Folha de S. Paulo


Análise

Ao incorporar épicos, Le Guin foi genial na invenção de tradição

Marian Wood Kolisch/NYT
A escritora de ficção científica Ursula K. Le Guin
A escritora de ficção científica Ursula K. Le Guin

Contam-se nos dedos as edições recentes da vasta obra da autora em português do Brasil

A premissa de boa parte da obra de ficção da americana Ursula Kroeber Le Guin (1929-2018) é mais ou menos a mesma de "Alienígenas do Passado" e outros pseudodocumentários bregas: vários planetas da nossa galáxia teriam sido povoados, no passado remoto, por viajantes espaciais dotados de alta tecnologia.

As semelhanças com o History Channel, claro, terminam aí.

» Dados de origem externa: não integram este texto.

lemma integrable_of_nn_integral_powr:
  fixes f :: "'a \<Rightarrow> real" and \<delta> :: real
  assumes nonneg: "\<And>x. x \<in> set_pmf p \<Longrightarrow> 0 \<le> f x" and "0 \<le> \<delta>"
    and finite: "(\<integral>\<^sup>+x. ennreal (f x powr (1 + \<delta>)) \<partial>measure_pmf p) < \<infinity>"
  shows "integrable (measure_pmf p) f"
proof -
  have "t \<le> 1 + t powr (1 + \<delta>)" if "0 \<le> t" for t :: real
  proof (cases "t \<le> 1")
    case False
    then have "t powr 1 \<le> t powr (1 + \<delta>)"
      using \<open>0 \<le> \<delta>\<close> by (intro powr_mono) auto
    then show ?thesis
      using False by simp
  qed (use powr_ge_zero[of t "1 + \<delta>"] in linarith)
  then have "ennreal (norm (f x)) \<le> 1 + ennreal (f x powr (1 + \<delta>))" if "x \<in> set_pmf p" for x
    using nonneg[OF that] ennreal_leI[of "norm (f x)" "1 + f x powr (1 + \<delta>)"] by (simp add: ennreal_plus)
  then have "(\<integral>\<^sup>+x. ennreal (norm (f x)) \<partial>measure_pmf p)
      \<le> (\<integral>\<^sup>+x. 1 + ennreal (f x powr (1 + \<delta>)) \<partial>measure_pmf p)"
    by (intro nn_integral_mono_AE AE_pmfI)
  also have "\<dots> = 1 + (\<integral>\<^sup>+x. ennreal (f x powr (1 + \<delta>)) \<partial>measure_pmf p)"
    by (simp add: nn_integral_add measure_pmf.emeasure_space_1)
  also have "\<dots> < \<infinity>"
    using finite by simp
  finally show ?thesis
    by (simp add: integrable_iff_bounded)
qed

definition mprod :: "'k::field mat2 list \<Rightarrow> 'k mat2" where
  "mprod xs = foldl mmult mone xs"

definition upper_sl2 :: "'k::field mat2 \<Rightarrow> bool" where
  "upper_sl2 g \<longleftrightarrow> mdet g = 1 \<and> entry21 g = 0"

fun entry12 :: "'k::field mat2 \<Rightarrow> 'k" where
  "entry12 (a, b, c, d) = b"

definition log_alpha :: "('k::field \<Rightarrow> real) \<Rightarrow> 'k mat2 \<Rightarrow> real" where
  "log_alpha v g = ln (v (entry11 g))"

definition log_norm :: "('k::field \<Rightarrow> real) \<Rightarrow> 'k mat2 \<Rightarrow> real" where
  "log_norm v g = ln (opnorm v g)"

lemma mprod_Nil: "mprod [] = (1, 0, 0, 1)"
  by (simp add: mprod_def mone_def)

lemma mprod_snoc: "mprod (xs @ [x]) = mmult (mprod xs) x"
  by (simp add: mprod_def)

lemma upper_sl2_cases:
  assumes "upper_sl2 g"
  obtains a b where "a \<noteq> 0" and "g = (a, b, 0, inverse a)"
proof -
  obtain a b c d where g: "g = (a, b, c, d)"
    by (cases g)
  with assms have "c = 0" and "a * d = 1"
    by (auto simp: upper_sl2_def)
  then have "a \<noteq> 0" and "d = inverse a"
    by (auto simp: inverse_unique)
  with g \<open>c = 0\<close> show ?thesis
    using that by blast
qed

lemma upper_sl2_mmult: "upper_sl2 g \<Longrightarrow> upper_sl2 h \<Longrightarrow> upper_sl2 (mmult g h)"
  by (elim upper_sl2_cases) (simp add: upper_sl2_def field_simps)

lemma upper_sl2_mprod: "(\<And>g. g \<in> set xs \<Longrightarrow> upper_sl2 g) \<Longrightarrow> upper_sl2 (mprod xs)"
proof (induction xs rule: rev_induct)
  case Nil
  show ?case
    by (simp add: mprod_Nil upper_sl2_def)
next
  case (snoc x xs)
  then show ?case
    by (simp add: mprod_snoc upper_sl2_mmult)
qed

lemma conv_pow_eq_map_mprod: "conv_pow \<mu> n = map_pmf mprod (replicate_pmf n \<mu>)"
proof (induction n)
  case (Suc n)
  have "map_pmf mprod (replicate_pmf (Suc n) \<mu>)
      = bind_pmf (replicate_pmf n \<mu>) (\<lambda>xs. map_pmf (\<lambda>h. mmult (mprod xs) h) \<mu>)"
    unfolding replicate_pmf_Suc_snoc by (simp add: map_bind_pmf pmf.map_comp o_def mprod_snoc)
  then show ?case
    using Suc by (simp add: bind_map_pmf)
qed (simp add: mprod_def)

lemma expectation_log_norm_conv_pow:
  "measure_pmf.expectation (conv_pow \<mu> n) (log_norm v)
     = measure_pmf.expectation (replicate_pmf n \<mu>) (\<lambda>xs. log_norm v (mprod xs))"
  by (simp add: conv_pow_eq_map_mprod)

context
  fixes v :: "'k::field \<Rightarrow> real"
  assumes v: "abs_value v"
begin

lemma abs_value_nonneg: "0 \<le> v x"
  and abs_value_eq_0_iff: "v x = 0 \<longleftrightarrow> x = 0"
  and abs_value_mult: "v (x * y) = v x * v y"
  and abs_value_triangle: "v (x + y) \<le> v x + v y"
  using v by (auto simp: abs_value_def)

lemma abs_value_zero: "v 0 = 0"
  by (simp add: abs_value_eq_0_iff)

lemma abs_value_pos: "x \<noteq> 0 \<Longrightarrow> 0 < v x"
  using abs_value_nonneg[of x] abs_value_eq_0_iff[of x] by linarith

Ainda que a ideia fosse tão manjada nos anos 1960 quanto é hoje, os romances e contos de Le Guin, que morreu na segunda (22), aos 88 anos, teriam sido capazes de transcendê-la.

A visão de uma unidade original da humanidade que se fragmentou em incontáveis civilizações galácticas se transformou no experimento mental perfeito para investigar dicotomias e fusões entre natureza e cultura, masculino e feminino, anarquia e ordem.

Dois conceitos muito usados para avaliar a complexidade e o impacto das obras modernas de fantasia e ficção científica são a "subcriação" ou "world-building", de um lado, e o que se pode chamar de invenção da tradição, de outro.

O primeiro se refere à construção ficcional do universo do autor, com o esforço de arquitetar geografia, etnias, idiomas, sistemas políticos, simulando a complexidade do mundo real. Já o segundo tem um impacto literário mais direto: a fala dos personagens, o pano de fundo cultural onde eles atuam, não parece ter sido inventada do zero, mas reflete uma história simulada de milênios.

Assim como Shakespeare cita Homero, o autor de fantasia pode dialogar com os textos "homéricos" de seu mundo ficcional.

Le Guin foi extremamente competente no que diz respeito ao primeiro quesito, óbvio –é difícil não se apaixonar pelas descrições do mundo-arquipélago de Earthsea (Terramar, em português), ou por Gethen, o planeta chamado inverno de "A Mão Esquerda da Escuridão".

Mas seu verdadeiro gênio está na invenção da tradição.

Filha dos antropólogos Theodora e Alfred Kroeber, que trabalharam com Ishi, o último caçador-coletor das tribos da Califórnia, ela incorporou de modo quase antropofágico a oralidade poética pré-moderna (que, de novo, remete o leitor a Homero ou à épica escandinava).

O misterioso hermafroditismo dos habitantes de Gethen, por exemplo, cuja civilização tecnológica quase não usa a palavra escrita (eles preferem o rádio), reflete-se num poema tradicional que celebra justamente a fusão de opostos: "A luz é a mão esquerda da escuridão/ E a escuridão é a mão direita da luz".

Essa exploração imaginativa do não binarismo sexual é um dos motivos pelos quais a discussão sobre diversidade no século 21 não pode prescindir da obra da escritora.

O mesmo vale quando falamos de raça: seu ciclo de fantasia "medieval", o do mundo de Terramar, inverte os estereótipos do gênero ao retratar povos de aparência indígena e negra como os heróis e os brancos como bárbaros.

E contos como "The Ones Who Walk Away from Omelas" ("Aqueles que Vão Embora de Omelas") abordam o cerne sangrento da "realpolitik" e da possibilidade de revolta contra ela.

Contam-se nos dedos as edições recentes da vasta obra da autora em português do Brasil. De seu ciclo "espacial" há "A Mão Esquerda da Escuridão" e "Os Despossuídos", ambos da editora Aleph, enquanto os livros sobre o mundo de Terramar são "O Feiticeiro de Terramar" e "As Tumbas de Atuan", da editora Arqueiro.

São, de fato, os livros fundamentais de Le Guin, mas seria excelente para o público brasileiro ao menos concluir a trilogia original de Terramar, que termina com "The Farthest Shore" (o qual ganhou o título "A Praia Mais Longínqua" em Portugal), e uma coletânea de contos que inclua "The Ones Who Walk Away from Omelas".